Classification – Addressing Overfitting with Linear Classifiers

classificationoverfitting

Today our professor stated in class that "overfitting with linear classifiers is not possible". I hold that to be wrong, since even linear classifiers can be sensitive to outliers in the training set – take for instance a hard margin Support Vector Machine: One single noisy datapoint can alter which hyperplane will be used to separate datasets. Or am I wrong? Obviously, linearity will probably prevent rather from overfitting due to lower model complexity, still I do not see why overfitting should be impossible.
One additional point is that when I tried to think about this problem I realized that "overfitting" does not seem to be formally defined. Why is that? Wouldn't some distance measure between training and test set performance allow for such a formalisation?
Thanks

Best Answer

A linear regression / classifier can absolutely be overfit if used without proper care.

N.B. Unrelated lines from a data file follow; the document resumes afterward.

lemma group_Comm: "group (Comm G)"
proof (rule groupI, unfold carrier_Comm mult_Comm one_Comm)
  have one: "comm_equiv G `` {(carrier G, id)} \<in> partial_isos G // comm_equiv G"
    using partial_iso_id by (rule quotientI)
  then show "comm_equiv G `` {(carrier G, id)} \<in> partial_isos G // comm_equiv G" .
  fix U V W
  assume U: "U \<in> partial_isos G // comm_equiv G" and V: "V \<in> partial_isos G // comm_equiv G"
    and W: "W \<in> partial_isos G // comm_equiv G"
  obtain u v w where uvw: "u \<in> U" "v \<in> V" "w \<in> W"
    using some_in_comm_equiv_class U V W by blast
  show "comm_mult G U V \<in> partial_isos G // comm_equiv G"
    using comm_mult_closed(1)[OF U V uvw(1,2)] .
  show "comm_mult G (comm_mult G U V) W = comm_mult G U (comm_mult G V W)"
    using comm_mult_eq_class[OF comm_mult_closed(1)[OF U V uvw(1,2)] W
        comm_mult_closed(2)[OF U V uvw(1,2)] uvw(3)]
      comm_mult_eq_class[OF U comm_mult_closed(1)[OF V W uvw(2,3)] uvw(1) comm_mult_closed(2)[OF V W uvw(2,3)]]
    by (simp add: pcomp_assoc)
  obtain A f where u: "u = (A, f)" and Af: "(A, f) \<in> partial_isos G"
    using comm_equiv_class_eq(2)[OF U uvw(1)] by (cases u) auto
  show "comm_mult G (comm_equiv G `` {(carrier G, id)}) U = U"
    using comm_mult_eq_class[OF one U equiv_class_self[OF equiv_comm_equiv partial_iso_id] uvw(1)]
      comm_equiv_class_eq(1)[OF U uvw(1)] pcomp_id_left[OF Af] u
    by simp
  have inv_class: "comm_equiv G `` {(f ` A, inv_into A f)} \<in> partial_isos G // comm_equiv G"
    using partial_iso_inv_into[OF Af] by (rule quotientI)
  have "comm_mult G (comm_equiv G `` {(f ` A, inv_into A f)}) U = comm_equiv G `` {(carrier G, id)}"
    using comm_mult_eq_class[OF inv_class U equiv_class_self[OF equiv_comm_equiv partial_iso_inv_into[OF Af]] uvw(1)]
      equiv_class_eq[OF equiv_comm_equiv pcomp_inv_into_comm_equiv[OF Af]] u
    by simp
  with inv_class show "\<exists>Y\<in>partial_isos G // comm_equiv G. comm_mult G Y U = comm_equiv G `` {(carrier G, id)}"
    by blast
qed

end

section \<open>The index valuations\<close>

definition index_val :: "('a, 'b) monoid_scheme \<Rightarrow> nat \<Rightarrow> 'a set \<times> ('a \<Rightarrow> 'a) \<Rightarrow> int" where
  "index_val G p x = int (multiplicity p (card (rcosets\<^bsub>G\<^esub> (fst x)))) -
     int (multiplicity p (card (rcosets\<^bsub>G\<^esub> (snd x ` fst x))))"

definition comm_index_val :: "('a, 'b) monoid_scheme \<Rightarrow> nat \<Rightarrow> ('a set \<times> ('a \<Rightarrow> 'a)) set \<Rightarrow> int" where
  "comm_index_val G p U = index_val G p (SOME u. u \<in> U)"

context group begin

lemma index_val_restrict:
  assumes p: "Factorial_Ring.prime p" and x: "(A, f) \<in> partial_isos G" and L: "fin_index G L" "L \<subseteq> A"
  shows "index_val G p (L, f) = index_val G p (A, f)"
proof -
  have A: "fin_index G A" and fA: "fin_index G (f ` A)" and inj: "inj_on f A"
    and hom: "\<forall>x\<in>A. \<forall>y\<in>A. f (x \<otimes> y) = f x \<otimes> f y"
    using x by (auto simp: partial_isos_iff)
  have fL: "fin_index G (f ` L)" by (rule fin_index_image[OF x L])
  have As: "subgroup A G" and Ls: "subgroup L G" and fAs: "subgroup (f ` A) G"
    and fLs: "subgroup (f ` L) G"
    using A L fA fL by (auto simp: fin_index_def)
  define r where "r = card (rcosets\<^bsub>G\<lparr>carrier := A\<rparr>\<^esub> L)"
  have L_index: "card (rcosets L) = card (rcosets A) * r"
    unfolding r_def by (rule card_rcosets_mult[OF As Ls L(2)])
  have fL_index: "card (rcosets (f ` L)) = card (rcosets (f ` A)) * r"
    unfolding r_def card_rcosets_mult[OF fAs fLs image_mono[OF L(2)]] card_rcosets_image[OF As inj hom L(2)] ..
  have "r \<noteq> 0" using card_rcosets_pos[OF L(1)] L_index by auto
  then show ?thesis
    using L_index fL_index card_rcosets_pos[OF A] card_rcosets_pos[OF fA] p
    by (simp add: index_val_def prime_elem_multiplicity_mult_distrib)
qed

lemma index_val_comm_equiv:
  assumes p: "Factorial_Ring.prime p" and "(x, y) \<in> comm_equiv G"
  shows "index_val G p x = index_val G p y"
proof -
  obtain A f B g where xy: "x = (A, f)" "y = (B, g)" by fastforce
  obtain K where K: "(A, f) \<in> partial_isos G" "(B, g) \<in> partial_isos G"
    "fin_index G K" "K \<subseteq> A" "K \<subseteq> B" "\<forall>k\<in>K. f k = g k"
    using assms(2) by (auto simp: comm_equiv_def xy)
  have "f ` K = g ` K" by (rule image_cong) (use K(6) in auto)
  then have "index_val G p (K, f) = index_val G p (K, g)" by (simp add: index_val_def)
  then show ?thesis
    using index_val_restrict[OF p K(1) K(3,4)] index_val_restrict[OF p K(2) K(3,5)] xy by simp
qed

lemma index_val_pcomp:
  assumes p: "Factorial_Ring.prime p" and x: "(A, f) \<in> partial_isos G" and y: "(B, g) \<in> partial_isos G"
  shows "index_val G p (pcomp (A, f) (B, g)) = index_val G p (A, f) + index_val G p (B, g)"
proof -
  define D where "D = {a \<in> A. f a \<in> B}"
  have D: "fin_index G D"
    unfolding D_def using y by (auto simp: partial_isos_iff intro: fin_index_preimage[OF x])
  have fD: "fin_index G (f ` D)" by (rule fin_index_image[OF x D]) (auto simp: D_def)
  have "index_val G p (D, f) = index_val G p (A, f)"
    by (rule index_val_restrict[OF p x D]) (auto simp: D_def)
  moreover have "index_val G p (f ` D, g) = index_val G p (B, g)"
    by (rule index_val_restrict[OF p y fD]) (auto simp: D_def)
  ultimately show ?thesis by (simp add: index_val_def pcomp_def D_def image_comp)
qed

lemma comm_index_val_eq:
  assumes p: "Factorial_Ring.prime p" and U: "U \<in> partial_isos G // comm_equiv G" and "u \<in> U"
  shows "comm_index_val G p U = index_val G p u"
proof -
  have "(SOME u. u \<in> U, u) \<in> comm_equiv G"
    using comm_equiv_class_eq(1)[OF U some_in_comm_equiv_class[OF U]] assms(3) by blast
  then show ?thesis unfolding comm_index_val_def by (rule index_val_comm_equiv[OF p])
qed

lemma hom_comm_index_val:
  assumes p: "Factorial_Ring.prime p"
  shows "comm_index_val G p \<in> hom (Comm G) integer_group"
proof (rule homI)
  fix U V assume U: "U \<in> carrier (Comm G)" and V: "V \<in> carrier (Comm G)"
  obtain u v where uv: "u \<in> U" "v \<in> V"
    using some_in_comm_equiv_class U V unfolding carrier_Comm by blast
  obtain A f B g where u: "u = (A, f)" and v: "v = (B, g)" by fastforce
  have "(A, f) \<in> partial_isos G" "(B, g) \<in> partial_isos G"
    using comm_equiv_class_eq(2) U V uv u v by (auto simp: carrier_Comm)
  then show "comm_index_val G p (U \<otimes>\<^bsub>Comm G\<^esub> V) =
      comm_index_val G p U \<otimes>\<^bsub>integer_group\<^esub> comm_index_val G p V"
    using U V uv comm_mult_closed[of U V u v] u v
    by (simp add: carrier_Comm mult_Comm comm_index_val_eq[OF p] index_val_pcomp[OF p])
qed simp

end

lemma (in group) generate_subset_kernel:
  assumes "group H" "h \<in> hom G H" "S \<subseteq> carrier G" "\<And>s. s \<in> S \<Longrightarrow> h s = \<one>\<^bsub>H\<^esub>"
  shows "generate G S \<subseteq> kernel G H h"
proof (rule generate_subgroup_incl)
  show "S \<subseteq> kernel G H h" using assms(3,4) by (auto simp: kernel_def)
  show "subgroup (kernel G H h) G"
    using assms(1,2) by (intro group_hom.subgroup_kernel) (simp add: group_hom_def group_hom_axioms_def is_group)
qed

lemma (in group) comm_index_val_eq_0:
  assumes p: "Factorial_Ring.prime p" and U: "U \<in> carrier (Comm G)" and "(A, f) \<in> U"
    and "\<not> p dvd card (rcosets A)" "\<not> p dvd card (rcosets (f ` A))"
  shows "comm_index_val G p U = 0"
  using comm_index_val_eq[OF p U[unfolded carrier_Comm] assms(3)] assms(4,5)
  by (simp add: index_val_def not_dvd_imp_multiplicity_0)

lemma (in group) finitely_generated_Comm_imp_index_vals_vanish:
  assumes "finitely_generated (Comm G)"
  obtains N where "finite N"
    and "\<And>p U. Factorial_Ring.prime p \<Longrightarrow> p \<notin> N \<Longrightarrow> U \<in> carrier (Comm G) \<Longrightarrow> comm_index_val G p U = 0"
proof -
  interpret C: group "Comm G" by (rule group_Comm)
  obtain S where S: "finite S" "S \<subseteq> carrier (Comm G)" "generate (Comm G) S = carrier (Comm G)"
    using assms unfolding finitely_generated_def by blast
  have some_in: "(SOME u. u \<in> s) \<in> s \<and> (SOME u. u \<in> s) \<in> partial_isos G" if "s \<in> S" for s
    using that S(2) some_in_comm_equiv_class comm_equiv_class_eq(2) unfolding carrier_Comm by blast
  define A :: "('a set \<times> ('a \<Rightarrow> 'a)) set \<Rightarrow> 'a set" where "A s = fst (SOME u. u \<in> s)" for s
  define f :: "('a set \<times> ('a \<Rightarrow> 'a)) set \<Rightarrow> 'a \<Rightarrow> 'a" where "f s = snd (SOME u. u \<in> s)" for s
  have Af: "(A s, f s) \<in> s \<and> (A s, f s) \<in> partial_isos G" if "s \<in> S" for s
    using some_in[OF that] by (simp add: A_def f_def)
  define N where "N = (\<Union>s\<in>S. prime_factors (card (rcosets (A s)) * card (rcosets (f s ` A s))))"
  have "finite N" unfolding N_def using S(1) by simp
  moreover have "comm_index_val G p U = 0"
    if p: "Factorial_Ring.prime p" "p \<notin> N" and U: "U \<in> carrier (Comm G)" for p U
  proof -
    have "comm_index_val G p s = 0" if s: "s \<in> S" for s
    proof (rule comm_index_val_eq_0[OF p(1)])
      have "card (rcosets (A s)) > 0" "card (rcosets (f s ` A s)) > 0"
        using Af[OF s] by (auto simp: partial_isos_iff card_rcosets_pos)
      moreover have "p \<notin> prime_factors (card (rcosets (A s)) * card (rcosets (f s ` A s)))"
        using p(2) s unfolding N_def by blast
      ultimately show "\<not> p dvd card (rcosets (A s))" "\<not> p dvd card (rcosets (f s ` A s))"
        using p(1) by (auto simp: in_prime_factors_iff)
    qed (use s S(2) Af in auto)
    then have "carrier (Comm G) \<subseteq> kernel (Comm G) integer_group (comm_index_val G p)"
      using C.generate_subset_kernel[OF _ hom_comm_index_val[OF p(1)] S(2)] S(3) by simp
    then show ?thesis using U by (auto simp: kernel_def)
  qed
  ultimately show ?thesis by (rule that)
qed

lemma (in group) index_val_iso_prime_index:
  assumes p: "Factorial_Ring.prime p" and H: "subgroup H G" "card (rcosets H) = p"
    and "G\<lparr>carrier := H\<rparr> \<cong> G"
  obtains U where "U \<in> carrier (Comm G)" and "comm_index_val G p U = 1"
proof -
  obtain \<phi> where \<phi>: "\<phi> \<in> iso (G\<lparr>carrier := H\<rparr>) G" using assms(4) unfolding is_iso_def by blast
  then have "inj_on \<phi> H" "\<phi> ` H = carrier G"
    and "\<forall>x\<in>H. \<forall>y\<in>H. \<phi> (x \<otimes> y) = \<phi> x \<otimes> \<phi> y"
    by (simp_all add: iso_def bij_betw_def hom_def)
  moreover have "fin_index G H"
    using H card.infinite[of "rcosets H"] not_prime_0 p unfolding fin_index_def by metis
  ultimately have \<phi>_partial: "(H, \<phi>) \<in> partial_isos G"
    using fin_index_carrier by (simp add: partial_isos_iff)
  define U where "U = comm_equiv G `` {(H, \<phi>)}"
  have "U \<in> carrier (Comm G)" unfolding U_def carrier_Comm using \<phi>_partial by (rule quotientI)
  have "comm_index_val G p U = index_val G p (H, \<phi>)"
    unfolding U_def
    by (rule comm_index_val_eq[OF p quotientI[OF \<phi>_partial] equiv_class_self[OF equiv_comm_equiv \<phi>_partial]])
  also have "\<dots> = 1"
    using H(2) \<open>\<phi> ` H = carrier G\<close> card_rcosets_carrier multiplicity_self[of p] p
    by (simp add: index_val_def)
  finally show ?thesis using \<open>U \<in> carrier (Comm G)\<close> by (rule that[rotated])
qed
(* Let $d\ge2$ and $\tilde m>0$. There is a map $R:\mathbb R^{6d-3}\to\mathcal P_d$ (depending only on $d$ and $\tilde m$) such that the following holds. Let $p\in\mathcal P_d$ be nonzero and $\epsilon\in\mathbb R^{6d-3}$, and suppose there exists $z_0\in\mathbb T$ with $$\min_{1\le j\le d}\Big(|p(\nu^jz_0)|^2-(2d-1)\|\epsilon\|_\infty\Big)\ge\tilde m\|p\|_2^2.$$ Let $\tilde C=\frac{(1+\sqrt2)\sqrt d(2d-1)\|\epsilon\|_\infty+d\|p\|_2^2}{\sqrt d\,\tilde m\|p\|_2^2}$. Then $\tilde p=R(\widetilde{\mathcal A}(p,\epsilon))$ satisfies, for some $c_0\in\mathbb T$, $$\|\tilde p-c_0p\|_2\le\left(\frac{2+\sqrt2}{\tilde m}\,\frac{d-d\tilde C-1+\tilde C^d}{1-\tilde C}\sqrt d+\frac{1-\tilde C^d}{2\sqrt{\frac{\tilde m}{\sqrt d}}}\right)\frac{d(2d-1)}{1-\tilde C}\,\frac{\|\epsilon\|_\infty}{\|p\|_2}.$$
   Context: $\mathbb T$ is the unit circle. $\mathcal P_d$ is the space of complex polynomials of degree at most $d-1$ with inner product $\langle p,q\rangle=\frac1{2\pi}\int_0^{2\pi}p(e^{it})\overline{q(e^{it})}dt$, so $\|p\|_2$ is the Euclidean norm of the coefficient vector. Let $\omega=e^{2\pi i/(2d-1)}$, $\nu=e^{2\pi i/d}$. The map $\mathcal A:\mathcal P_d\to\mathbb R^{6d-3}$ is $(\mathcal A(p))_j=|p(\omega^j)|^2$ ($1\le j\le 2d-1$), $|p(\omega^j)-p(\omega^j\nu)|^2$ ($2d\le j\le4d-2$), $|p(\omega^j)-ip(\omega^j\nu)|^2$ ($4d-1\le j\le 6d-3$), and $\widetilde{\mathcal A}(p,\epsilon)=\mathcal A(p)+\epsilon$; $\|\epsilon\|_\infty=\max_j|\epsilon_j|$. *)

theory Defs
  imports "HOL-Analysis.Analysis" "HOL-Computational_Algebra.Polynomial"
begin

definition Pd :: "nat \<Rightarrow> complex poly set" where
  "Pd d = {p. degree p < d}"

text \<open>Euclidean norm of the coefficient vector (= L2 norm on the unit circle).\<close>
definition norm2 :: "nat \<Rightarrow> complex poly \<Rightarrow> real" where
  "norm2 d p = sqrt (\<Sum>k<d. (cmod (coeff p k))\<^sup>2)"

definition omega :: "nat \<Rightarrow> complex" where
  "omega d = cis (2 * pi / real (2 * d - 1))"

definition nu :: "nat \<Rightarrow> complex" where
  "nu d = cis (2 * pi / real d)"

text \<open>Measurement map A : P_d -> R^(6d-3); vectors are indexed by 1..6d-3 and
  are extended by 0 outside that range.\<close>
definition measA :: "nat \<Rightarrow> complex poly \<Rightarrow> nat \<Rightarrow> real" where
  "measA d p j =
    (if 1 \<le> j \<and> j \<le> 2*d - 1 then (cmod (poly p (omega d ^ j)))\<^sup>2
     else if 2*d \<le> j \<and> j \<le> 4*d - 2 then
       (cmod (poly p (omega d ^ j) - poly p (omega d ^ j * nu d)))\<^sup>2
     else if 4*d - 1 \<le> j \<and> j \<le> 6*d - 3 then
       (cmod (poly p (omega d ^ j) - \<i> * poly p (omega d ^ j * nu d)))\<^sup>2
     else 0)"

Here's a small example. Let's create two vectors, the first is simply $5000$ random coin flips:

set.seed(154)
N <- 5000
y <- rbinom(N, 1, .5)

The second vector is $5000$ observations, each randomly assigned to one of $500$ random classes:

N.classes <- 500
rand.class <- factor(sample(1:N.classes, N, replace=TRUE))

There should be no relation between our flips y and our random classes rand.class, they were determined completely independently.

Yet, if we attempt to predict the random flip with the random class using logistic regression (a linear classifier), it sure thinks there is a relationship

M <- glm(y ~ rand.class, family="binomial")
hist(coef(M), breaks=50)

enter image description here

The true value of every one of these coefficients is zero. But as you can see, we have quite a spread. This linear classifier is for sure overfit.

Note: The extremes in this histogram, where the coefficients have wandered to $-15$ and $15$, are cases where a class had either no observations with y == 1 or no values with y == 0. The actual estimated values for these coefficients are plus and minus infinity, but the logistic regression algorithm is hard coded with a bound of $15$.

"overfitting" does not seem to be formally defined. Why is that?

Overfitting may be best understood within the context of a class of models which has some complexity parameter. In this case, a model could be said to be overfit when decreasing the complexity slightly results in better expected out of sample performance.

It would be very difficult to precisely define the concept in a model independent way. A single model is just fit, you need something to compare it to for it to be over or under fit. In my example above this comparison was with the truth, but you usually don't know the truth, hence the model!

Wouldn't some distance measure between training and test set performance allow for such a formalisation?

There is such a concept, it's called the optimism. It's defined by:

$$ \omega = E_{\text{test}} - E_{\text{train}} $$

where $E$ stands for error, and each term is averaged over all possible training and testing sets for your learning algorithm.

It doesn't quite get at the essence of overfitting though, because the performance on a test set can be quite a bit worse than the train, even though a model of higher complexity decreases both.